Quando o barulho vem da rua ou estabelecimento comercial?
Se o incômodo vem de bares, restaurantes ou ruas adjacentes, o responsável é o município. A Lei de Responsabilidade Ambiental (Lei nº 9.605/1998) permite cobrar do poder público a fiscalização do ruído urbano. Em 2025, o TJ-MG condenou Belo Horizonte a pagar R$ 200.000 a um grupo de moradores por não fiscalizar bares da região central.

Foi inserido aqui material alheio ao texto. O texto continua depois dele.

lemma multiplier_le_majorant:
  assumes K: "K \<in> hyperplane \<epsilon> k" and \<epsilon>: "\<forall>j\<in>{1..5}. \<bar>\<epsilon> j\<bar> \<le> 1"
    and c: "c > 0" and A: "A \<ge> 0" and \<sigma>: "\<sigma> \<ge> 0"
    and supp: "\<beta> k K \<noteq> 0 \<Longrightarrow> jb (K 5) \<le> c * jb k"
    and bound: "\<bar>\<beta> k K\<bar> \<le> A * jb (real_of_int (Max ({\<bar>k\<bar>} \<union> (\<lambda>j. \<bar>K j\<bar>) ` {1..5}))) powr \<sigma>
                   / (jb k * jb (\<epsilon> 3 * K 3 + \<epsilon> 4 * K 4))"
  shows "multiplier \<beta> k K \<le> A * sqrt c * (sqrt 2 ^ 5) powr \<sigma> * majorant \<sigma> \<epsilon> K"
proof (cases "\<beta> k K = 0")
  case True
  then show ?thesis using majorant_nonneg[of \<sigma> \<epsilon> K] A c by (simp add: multiplier_def)
next
  case False
  let ?M = "jb (real_of_int (Max ({\<bar>k\<bar>} \<union> (\<lambda>j. \<bar>K j\<bar>) ` {1..5})))"
  let ?m = "jb (\<epsilon> 3 * K 3 + \<epsilon> 4 * K 4)"
  let ?Q = "?m powr (-1) * (\<Prod>j\<in>{1..5}. jb (K j) powr (-1/2))"
  have Q: "?Q \<ge> 0" by (simp add: prod_nonneg)
  have k: "jb k powr (-1/2) \<le> sqrt c * jb (K 5) powr (-1/2)"
    using powr_neg_le_scaled[of "jb (K 5)" c "jb k" "1/2"] supp[OF False] c
    by (simp add: powr_half_sqrt)
  have M: "?M powr \<sigma> \<le> (sqrt 2 ^ 5) powr \<sigma> * (\<Prod>j\<in>{1..5}. jb (K j)) powr \<sigma>"
    using jb_Max_le_prod[OF K \<epsilon>] \<sigma> by (simp add: powr_mono2 flip: powr_mult)
  have "multiplier \<beta> k K \<le> jb k powr (1/2) * (A * ?M powr \<sigma> / (jb k * ?m)) * (\<Prod>j\<in>{1..5}. jb (K j) powr (-1/2))"
    unfolding multiplier_def using bound by (intro mult_right_mono mult_left_mono) (simp_all add: prod_nonneg)
  also have "\<dots> = A * ?Q * (jb k powr (-1/2) * ?M powr \<sigma>)"
  proof -
    have h1: "jb k powr (-1/2) = jb k powr (1/2) / jb k"
      using powr_diff[of "jb k" "1/2" 1] by simp
    have h2: "?m powr (-1) = 1 / ?m"
      by (simp add: powr_minus_divide)
    show ?thesis unfolding h1 h2 by (simp add: field_simps)
  qed
  also have "\<dots> \<le> A * ?Q * ((sqrt c * jb (K 5) powr (-1/2)) * ((sqrt 2 ^ 5) powr \<sigma> * (\<Prod>j\<in>{1..5}. jb (K j)) powr \<sigma>))"
    using A Q c by (intro mult_left_mono mult_mono[OF k M] mult_nonneg_nonneg) (simp_all add: prod_nonneg)
  also have "\<dots> = A * sqrt c * (sqrt 2 ^ 5) powr \<sigma> * majorant \<sigma> \<epsilon> K"
  proof -
    have "(\<Prod>j\<in>{1..5}. jb (K j)) powr \<sigma> * (\<Prod>j\<in>{1..5}. jb (K j) powr (-1/2)) = (\<Prod>j\<in>{1..5}. jb (K j) powr (\<sigma> - 1/2))"
      by (simp add: prod_powr_distrib prod.distrib[symmetric] powr_add[symmetric])
    then show ?thesis unfolding majorant_def by (simp add: mult_ac)
  qed
  finally show ?thesis .
qed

Nesses casos, o cidadão deve registrar reclamação formal na Secretaria Municipal de Meio Ambiente ou na Ouvidoria Ambiental. Se a prefeitura não agir em 30 dias, cabem ações civis públicas promovidas pelo Ministério Público ou pelo próprio morador, com auxírio de advogado.
O advogado ambientalista Mariana Tavares afirma: “O direito ao sossego não é luxo. É direito fundamental. Quando o poder público omite, ele viola a Constituição. Temos jurisprudência clara: o ruído urbano é uma questão de saúde pública”.

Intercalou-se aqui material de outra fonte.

lemma walk_shortest_induced_path:
  assumes "walk EB ER A x y xs"
  shows "\<exists>ys. walk EB ER A x y ys \<and> induced_path EB ER ys"
proof -
  obtain ys where w: "walk EB ER A x y ys"
    and shortest: "\<And>zs. walk EB ER A x y zs \<Longrightarrow> length ys \<le> length zs"
    using ex_has_least_nat[of "walk EB ER A x y" xs length] assms by blast
  have succ: "successively (tadj EB ER) ys" using w unfolding walk_def by simp
  have "ys ! 0 = x" using w unfolding walk_def by (metis hd_conv_nth)
  have no_repeat: "ys ! i \<noteq> ys ! j" if "i < j" "j < length ys" for i j
  proof
    assume eq: "ys ! i = ys ! j"
    have "i = 0 \<and> ys ! j = x \<or> 0 < i \<and> tadj EB ER (ys ! (i - 1)) (ys ! j)"
      using successively_nth[OF succ, of "i - 1"] eq \<open>ys ! 0 = x\<close> that by (cases "i = 0") auto
    then have "walk EB ER A x y (take i ys @ drop j ys)" using walk_splice[OF w that] by blast
    then show False using shortest[of "take i ys @ drop j ys"] that by simp
  qed
  have no_chord: "\<not> tadj EB ER (ys ! i) (ys ! j)" if "Suc i < j" "j < length ys" for i j
  proof
    assume "tadj EB ER (ys ! i) (ys ! j)"
    then have "walk EB ER A x y (take (Suc i) ys @ drop j ys)" using walk_splice[OF w that] by simp
    then show False using shortest[of "take (Suc i) ys @ drop j ys"] that by simp
  qed
  have "distinct ys"
    unfolding distinct_conv_nth using no_repeat by (metis linorder_neqE_nat)
  then show ?thesis using w succ no_chord unfolding induced_path_def by blast
qed

lemma walk_nonadjacent_length:
  assumes "walk EB ER A x y xs" "x \<noteq> y" "\<not> tadj EB ER x y"
  shows "length xs \<ge> 3"
proof (rule ccontr)
  assume "\<not> length xs \<ge> 3"
  moreover have "xs \<noteq> []" "hd xs = x" "last xs = y" and succ: "successively (tadj EB ER) xs"
    using assms(1) unfolding walk_def by auto
  moreover have "length xs \<noteq> 0" using \<open>xs \<noteq> []\<close> by simp
  ultimately consider "length xs = 1" | "length xs = 2" by linarith
  then show False
  proof cases
    case 1
    then show False using \<open>hd xs = x\<close> \<open>last xs = y\<close> \<open>x \<noteq> y\<close> by (cases xs) auto
  next
    case 2
    then have "tadj EB ER (hd xs) (last xs)"
      using successively_nth[OF succ, of 0] \<open>xs \<noteq> []\<close> by (simp add: hd_conv_nth last_conv_nth)
    then show False using \<open>hd xs = x\<close> \<open>last xs = y\<close> \<open>\<not> tadj EB ER x y\<close> by simp
  qed
qed

lemma distinct_nth_interior:
  assumes "distinct xs" "0 < i" "i < length xs - 1"
  shows "xs ! i \<noteq> hd xs" "xs ! i \<noteq> last xs"
proof -
  have "xs \<noteq> []" using assms(3) by auto
  then show "xs ! i \<noteq> hd xs" "xs ! i \<noteq> last xs"
    using assms nth_eq_iff_index_eq[of xs i 0] nth_eq_iff_index_eq[of xs i "length xs - 1"]
    by (auto simp: hd_conv_nth last_conv_nth)
qed

lemma successively_cyclic_nth:
  assumes "successively R (cs @ [hd cs])" "i < length cs"
  shows "R (cs ! i) (cs ! ((i + 1) mod length cs))"
proof (cases "i + 1 < length cs")
  case True
  then show ?thesis using successively_nth[OF assms(1), of i] by (simp add: nth_append)
next
  case False
  then have "i + 1 = length cs" "cs \<noteq> []" using assms(2) by auto
  then show ?thesis
    using successively_nth[OF assms(1), of i] by (simp add: nth_append hd_conv_nth)
qed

Direitos reais: o que você pode exigir judicialmente
Ao ajuizar uma ação de perturbação do sossego, o autor pode requerer:
- Indenização por danos morais — valor variável conforme gravidade e tempo
- Interdição de eventos — proibição de festas ou uso de equipamentos sonoros
- Rescisão de contrato de locação — se o inquilino for o causador, o proprietário pode resolver o contrato com indenização
- Retirada de aparelhos — em casos extremos, o juiz pode determinar a remoção de caixas de som ou sistema de som fixo
O prazo para ajuizamento da ação é de 3 anos, contados da última ocorrência, conforme o artigo 206, parágrafo 3º, inciso V da Constituição Federal. Mas é recomendável agir logo: a demora pode ser interpretada como aceitação da situação.
A advogada especialista em direito de vizinhança, Luciana Ribeiro, ressalta: “A justiça brasileira entende hoje que o sossego é parte integrante da dignidade da pessoa humana. Não é exagero cobrar. É exercer um direito”.